EDIT: Okay I've got a very basic grammar:

grammar wikitext;

options {
  //output = AST;
  //ASTLabelType = CommonTree;
  output = template;
  language = Java;
}

document: line (NL line?)*;

line: horizontal_line | list | heading | paragraph;

/* horizontal line */
horizontal_line: HRLINE;

/* lists */
list: unordered_list | ordered_list;

unordered_list: '*'+ content;
ordered_list: '#'+ content;

/* Headings */
heading: heading1 | heading2 | heading3 | heading4 | heading5 | heading6;
heading1: H1 plain H1;
heading2: H2 plain H2;
heading3: H3 plain H3;
heading4: H4 plain H4;
heading5: H5 plain H5;
heading6: H6 plain H6;

/* Paragraph */
paragraph: content;

content: (formatted | link)+;

/* links */
link: external_link | internal_link;

external_link: '[' external_link_uri ('|' external_link_title)? ']';
internal_link: '[[' internal_link_ref ('|' internal_link_title)? ']]' ;

external_link_uri: CHARACTER+;
external_link_title: plain;
internal_link_ref: plain;
internal_link_title: plain;

/* bold & italic */
formatted: bold_italic | bold | italic | plain;

bold_italic: BOLD_ITALIC plain BOLD_ITALIC;
bold: BOLD plain BOLD;
italic: ITALIC plain ITALIC;

/* Plain text */
plain: (CHARACTER | SPACE)+;


/**
 * LEXER RULES
 * --------------------------------------------------------------------------
 */

HRLINE: '---' '-'+;

H1: '=';
H2: '==';
H3: '===';
H4: '====';
H5: '=====';
H6: '======';

BOLD_ITALIC: '\'\'\'\'\'';
BOLD: '\'\'\'';
ITALIC: '\'\'';

NL: '\r'?'\n';

CHARACTER       :       '!' | '"' | '#' | '$' | '%' | '&'
                |       '*' | '+' | ',' | '-' | '.' | '/'
                |       ':' | ';' | '?' | '@' | '\\' | '^' | '_' | '`' | '~'
                |       '0'..'9' | 'A'..'Z' |'a'..'z' 
                |       '\u0080'..'\u7fff'
                |       '(' | ')'
                |       '\'' | '<' | '>' | '=' | '[' | ']' | '|' 
                ;

SPACE: ' ' | '\t';

It's not clear for me though how one would go about outputting HTML. I've been looking into StringTemplate, but I don't understand how to structure my templates. Specifically, which template goes where in the grammar. Can you help me with a short example?


Solution

  • Okay, after your EDIT, I have a couple of recommendations.

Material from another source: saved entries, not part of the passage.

lemma red_sub2_lt_eq_Nil:
  assumes "a \<noteq> b" and "red (sub2 (lt a) (lt b) w) = []"
  shows "red w = []"
proof -
  define h where "h x = (if x = a then lt ga else lt gb)" for x
  have "subst h (sub2 (lt a) (lt b) w) = w"
    using \<open>a \<noteq> b\<close> by (simp add: subst_sub2 h_def sub2_lt_lt)
  then show ?thesis
    using assms(2) red_subst_red[of h "sub2 (lt a) (lt b) w"] by (simp add: subst_def)
qed

lemma red_sub2_ne_Nil_if_aut2:
  assumes "is_aut2 C D" "reduced W" "W \<noteq> []"
  shows "red (sub2 C D W) \<noteq> []"
proof
  assume "red (sub2 C D W) = []"
  moreover have "red (sub2 C D []) = []" by (simp add: sub2_def subst_def)
  moreover have "inj_on (\<lambda>w. red (sub2 C D w)) {w. reduced w}"
    using assms(1) by (simp add: is_aut2_def bij_betw_def)
  ultimately show False
    using assms(2,3) by (auto dest: inj_onD[of _ _ W "[]"])
qed

lemma red_sub2_sub2_lt_ne_Nil:
  assumes "is_aut2 C D" "a \<noteq> b" "reduced W" "W \<noteq> []"
  shows "red (sub2 (sub2 (lt a) (lt b) C) (sub2 (lt a) (lt b) D) W) \<noteq> []"
  using assms red_sub2_ne_Nil_if_aut2 red_sub2_lt_eq_Nil by (metis sub2_sub2)

lemma fst_set_red_sub2_sub2_lt:
  "fst ` set (red (sub2 (sub2 (lt a) (lt b) C) (sub2 (lt a) (lt b) D) W)) \<subseteq> {a, b}"
  using fst_set_sub2_lt[of a b "sub2 C D W"] set_red_subset by (fastforce simp: sub2_sub2)

lemma subst_assemble:
  "f g = lt g' \<Longrightarrow> subst f (assemble g ws ns) = assemble g' (map (subst f) ws) ns"
proof (induction g ws ns rule: assemble.induct)
  case (4 g w v vs n ns)
  have "subst f (replicate k (g, b)) = replicate k (g', b)" for k b
    by (induction k) (auto simp: subst_def 4(2) lt_def inv_word_def inv_letter_def)
  then have "subst f (xpow g n) = xpow g' n" by (simp add: xpow_def)
  then show ?case using 4 by (simp add: subst_append del: assemble.simps(2,3))
qed (simp_all add: subst_def)

lemma red_assemble_map_red: "red (assemble g (map red ws) ns) = red (assemble g ws ns)"
proof (induction g ws ns rule: assemble.induct)
  case (4 g w v vs n ns)
  let ?X = "xpow g n"
  have "red (assemble g (w # v # vs) (n # ns)) = red (red w @ red (?X @ red (assemble g (v # vs) ns)))"
    by (simp del: assemble.simps(2,3), metis red_append_red_left red_append_red_right)
  also have "\<dots> = red (assemble g (map red (w # v # vs)) (n # ns))"
    using 4 by (simp del: assemble.simps(2,3), metis red_append_red_left red_append_red_right)
  finally show ?case ..
qed simp_all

    Like I said in the comments, writing a grammar for such a language is nearly impossible. At least, trying to do so in one go, that is. The only way I see this working would be to do this with multiple parsers where the first "parsing-stage" would parse the wiki-source very "coarsely". For example: a table would be tokenized as: TABLE : '{|' .* '|}' and then you'd create another parser that parses this table properly. Doing it in one parser will result in quite a few ambiguities in your parser rules IMO.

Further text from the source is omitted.